The realm of AI has witnessed remarkable advancements, thanks to platforms like Google’s VertexAI. By providing a vast array of pre-built models spanning computer vision, natural language processing, speech processing, and ML tasks on structured tabular data, VertexAI has simplified the development of AI solutions for a multitude of tasks. The platform’s comprehensive selection of models empowers data scientists to efficiently tackle image classification, object detection, sentiment analysis, speech recognition, and much more. Whether it’s creating voice assistants, automating customer support, analyzing visual data, or making data-driven predictions, Vertex AI’s models offer the versatility and performance required to succeed in today’s AI-driven landscape. As AI continues to transform industries, Google’s Vertex AI stands as a powerful tool that unlocks the potential of AI, enabling innovation and driving real-world impact across diverse domains.

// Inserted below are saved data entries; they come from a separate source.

section \<open>Evaluating filtrations of \<open>G N\<close> at \<open>e\<close>\<close>

lemma sub_mod_eval_e:
  assumes N: "is_mod sH N" and A: "sub_mod (GG N) A"
  shows "sub_mod N ((\<lambda>f. f e) ` A)"
  unfolding sub_mod_def
proof (intro conjI ballI allI)
  have AG: "f \<in> A \<Longrightarrow> f \<in> carr (GG N)" for f using sub_mod_carr[OF A] by blast
  show "(\<lambda>f. f e) ` A \<subseteq> carr N" using G_apply_carr[OF AG e_in_ES] by blast
  show "0 \<in> (\<lambda>f. f e) ` A" using image_eqI[of 0 "\<lambda>f. f e" 0 A] sub_mod_zero[OF A] by simp
  fix x assume "x \<in> (\<lambda>f. f e) ` A"
  then obtain f where x: "x = f e" and f: "f \<in> A" by blast
  show "smul N c x \<in> (\<lambda>f. f e) ` A" for c
    using sub_mod_smul[OF A f] G_eval_smul[of N c f] x by (metis image_eqI)
  show "act N a x \<in> (\<lambda>f. f e) ` A" for a
    using sub_mod_act[OF A f] G_eval_act_phi[OF AG[OF f]] x by (metis image_eqI)
  fix y assume "y \<in> (\<lambda>f. f e) ` A"
  then obtain g where y: "y = g e" and g: "g \<in> A" by blast
  show "x + y \<in> (\<lambda>f. f e) ` A" using image_eqI[of _ "\<lambda>f. f e" "f + g"] sub_mod_add[OF A f g] x y by simp
qed

lemma quotient_map_eval_e:
  assumes N: "is_mod sH N" and D: "is_mod sH D" and A': "sub_mod (GG N) A'"
    and \<psi>: "quotient_map (GG N) A A' (GG D) \<psi>"
  shows "quotient_map N ((\<lambda>f. f e) ` A) ((\<lambda>f. f e) ` A') D (\<lambda>n. \<psi> (G_elem N n) e)"
proof -
  let ?\<rho> = "\<lambda>n. \<psi> (G_elem N n) e"
  have A'G: "f \<in> A' \<Longrightarrow> f \<in> carr (GG N)" for f using sub_mod_carr[OF A'] by blast
  have \<rho>: "?\<rho> (f e) = \<psi> f e" if f: "f \<in> A'" for f
    using G_elem_eval[OF A'G[OF f]] quotient_map_act[OF \<psi> f, of e] by (simp add: G_eval_act_e)
  have \<psi>G: "f \<in> A' \<Longrightarrow> \<psi> f \<in> carr (GG D)" for f using quotient_map_carr[OF \<psi>] .
  show ?thesis
  proof (rule quotient_mapI)
    fix n assume "n \<in> (\<lambda>f. f e) ` A'"
    then obtain f where f: "f \<in> A'" and n: "n = f e" by blast
    show "?\<rho> n \<in> carr D" using n \<rho>[OF f] G_apply_carr[OF \<psi>G[OF f] e_in_ES] by simp
    show "?\<rho> (smul N c n) = smul D c (?\<rho> n)" for c
      using \<rho>[OF f] \<rho>[OF sub_mod_smul[OF A' f]] quotient_map_smul[OF \<psi> f] n by (simp add: G_eval_smul)
    show "?\<rho> (act N a n) = act D a (?\<rho> n)" for a
      using \<rho>[OF f] \<rho>[OF sub_mod_act[OF A' f, of "\<phi> a"]] quotient_map_act[OF \<psi> f, of "\<phi> a"] n
      by (simp add: G_eval_act_phi A'G[OF f] \<psi>G[OF f])
    show "?\<rho> n = 0 \<longleftrightarrow> n \<in> (\<lambda>f. f e) ` A"
    proof
      assume "?\<rho> n = 0"
      then have "\<psi> (act (GG N) e f) = 0"
        using n \<rho>[OF f] quotient_map_act[OF \<psi> f] G_act_e_eq_zero[OF D \<psi>G[OF f]] by simp
      then have "act (GG N) e f \<in> A"
        using quotient_map_kernel[OF \<psi> sub_mod_act[OF A' f]] by blast
      then show "n \<in> (\<lambda>f. f e) ` A" using n G_eval_act_e[of N f] by (metis image_eqI)
    next
      assume "n \<in> (\<lambda>f. f e) ` A"
      then obtain g where g: "g \<in> A" and "n = g e" by blast
      moreover have "g \<in> A'" using g quotient_map_subset[OF \<psi>] by blast
      moreover have "\<psi> g = 0" using quotient_map_kernel[OF \<psi> \<open>g \<in> A'\<close>] g by simp
      ultimately show "?\<rho> n = 0" using \<rho> by simp
    qed
    fix m assume "m \<in> (\<lambda>f. f e) ` A'"
    then obtain g where g: "g \<in> A'" and m: "m = g e" by blast
    show "?\<rho> (n + m) = ?\<rho> n + ?\<rho> m"
      using \<rho>[OF f] \<rho>[OF g] \<rho>[OF sub_mod_add[OF A' f g]] quotient_map_add[OF \<psi> f g] n m by simp
  next
    show "(\<lambda>f. f e) ` A \<subseteq> (\<lambda>f. f e) ` A'" using quotient_map_subset[OF \<psi>] by blast
    show "carr D \<subseteq> ?\<rho> ` (\<lambda>f. f e) ` A'"
    proof
      fix d assume d: "d \<in> carr D"
      obtain f where f: "f \<in> A'" and "\<psi> f = G_elem D d"
        using G_elem_carr[OF D d] quotient_map_image[OF \<psi>] by (metis imageE)
      then have "?\<rho> (f e) = d" using \<rho>[OF f] G_elem_e[OF D d] by simp
      then show "d \<in> ?\<rho> ` (\<lambda>f. f e) ` A'" using f by blast
    qed
  qed
qed

lemma filtration_eval_e:
  assumes N: "is_mod sH N" and D: "\<forall>\<mu>\<in>I. is_mod sH (D \<mu>)"
    and F: "filtration (GG N) (\<lambda>\<mu>. GG (D \<mu>)) I t Gc \<mu>"
  shows "filtration N D I t (\<lambda>i. (\<lambda>f. f e) ` Gc i) \<mu>"
  unfolding filtration_def
proof (intro conjI allI impI)
  show "(\<lambda>f. f e) ` Gc 0 = {0}" using filtration_bot[OF F] by simp
  show "(\<lambda>f. f e) ` Gc t = carr N"
  proof (intro equalityI subsetI)
    fix n assume "n \<in> carr N"
    then show "n \<in> (\<lambda>f. f e) ` Gc t"
      using filtration_top[OF F] G_elem_carr[OF N] G_elem_e[OF N] by (metis image_eqI)
  qed (use filtration_top[OF F] G_apply_carr[OF _ e_in_ES] in auto)
  show "sub_mod N ((\<lambda>f. f e) ` Gc i)" if "i \<le> t" for i
    using sub_mod_eval_e[OF N filtration_sub_mod[OF F that]] .
  fix i assume i: "i < t"
  obtain \<psi> where \<psi>: "quotient_map (GG N) (Gc i) (Gc (Suc i)) (GG (D (\<mu> i))) \<psi>"
    using filtration_step[OF F i] by blast
  show "(\<lambda>f. f e) ` Gc i \<subseteq> (\<lambda>f. f e) ` Gc (Suc i)" using quotient_map_subset[OF \<psi>] by blast
  show "\<mu> i \<in> I" using filtration_index[OF F i] .
  show "\<exists>\<rho>. quotient_map N ((\<lambda>f. f e) ` Gc i) ((\<lambda>f. f e) ` Gc (Suc i)) (D (\<mu> i)) \<rho>"
    using quotient_map_eval_e[OF N _ filtration_sub_mod[OF F] \<psi>] D filtration_index[OF F i] i by auto
qed

section \<open>The unit \<open>M \<rightarrow> G (F M)\<close>\<close>

abbreviation FF :: "('k, 's, 'm::ab_group_add) modl \<Rightarrow> ('k, 'h, 'm) modl" where
  "FF M \<equiv> Fmod e \<phi> M"

lemma F_simps: "carr (FF M) = act M e ` carr M" "smul (FF M) = smul M" "act (FF M) a = act M (\<phi> a)"
  unfolding Fmod_def by simp_all

lemma F_act_e: "is_mod sS M \<Longrightarrow> x \<in> carr (FF M) \<Longrightarrow> act M e x = x"
  unfolding F_simps by (auto simp: act_mult[symmetric] idem)

lemma F_carr_subset: "is_mod sS M \<Longrightarrow> carr (FF M) \<subseteq> carr M"
  unfolding F_simps using mod_act by blast

lemma F_is_mod:
  assumes M: "is_mod sS M"
  shows "is_mod sH (FF M)"
proof -
  have sub: "carr (FF M) \<subseteq> carr M" by (rule F_carr_subset[OF M])
  have closed: "act M e x \<in> carr (FF M)" if "x \<in> carr M" for x
    unfolding F_simps using that by blast
  have fd: "fin_dim_on (smul M) (carr (FF M))"
    unfolding F_simps
    by (rule fin_dim_on_image[OF is_mod_kspace_on[OF M] is_mod_kspace_on[OF M] mod_fin_dim[OF M]])
       (simp_all add: mod_act[OF M] act_add[OF M] act_smul[OF M])
  have "0 \<in> carr (FF M)" using closed[OF mod_zero[OF M]] act_zero[OF M] by simp
  moreover have "x + y \<in> carr (FF M)" "- x \<in> carr (FF M)" "smul M c x \<in> carr (FF M)"
    "act M (\<phi> a) x \<in> carr (FF M)" if "x \<in> carr (FF M)" "y \<in> carr (FF M)" for x y c a
  proof -
    have x: "x \<in> carr M" "act M e x = x" and y: "y \<in> carr M" "act M e y = y"
      using that sub F_act_e[OF M] by auto
    show "x + y \<in> carr (FF M)" using closed[OF mod_add[OF M x(1) y(1)]] act_add[OF M x(1) y(1)] x y by simp
    show "- x \<in> carr (FF M)" using closed[OF mod_neg[OF M x(1)]] act_uminus[OF M x(1)] x by simp
    show "smul M c x \<in> carr (FF M)" using closed[OF mod_smul[OF M x(1)]] act_smul[OF M x(1)] x by simp
    have "act M (\<phi> a) x = act M e (act M (\<phi> a) x)"
      using act_mult[OF M x(1), of e "\<phi> a"] by (simp add: phi_e)
    then show "act M (\<phi> a) x \<in> carr (FF M)" using closed[OF mod_act[OF M x(1)]] by metis
  qed
  ultimately show ?thesis
    unfolding is_mod_def using fd sub F_act_e[OF M]
    by (simp add: F_simps(2,3) phi_add phi_mult phi_one phi_smul subset_iff smul_add[OF M] smul_adds[OF M]
        smul_mult[OF M] smul_one[OF M] act_add[OF M] act_adds[OF M] act_mult[OF M] act_sa[OF M]
        act_smul[OF M])
qed

definition GF_unit :: "('k, 's, 'm::ab_group_add) modl \<Rightarrow> 'm \<Rightarrow> 's \<Rightarrow> 'm" where
  "GF_unit M m = (\<lambda>x. if x \<in> ES then act M x m else 0)"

By harnessing the power of Vertex AI and its pre-built models, businesses and developers can pave the way for intelligent applications that enhance efficiency, accuracy, and user experiences. With a commitment to ongoing research and development, Google’s Vertex AI is poised to continuously expand its model offerings, ensuring that users have access to cutting-edge AI capabilities and enabling them to push the boundaries of what is possible in the world of artificial intelligence.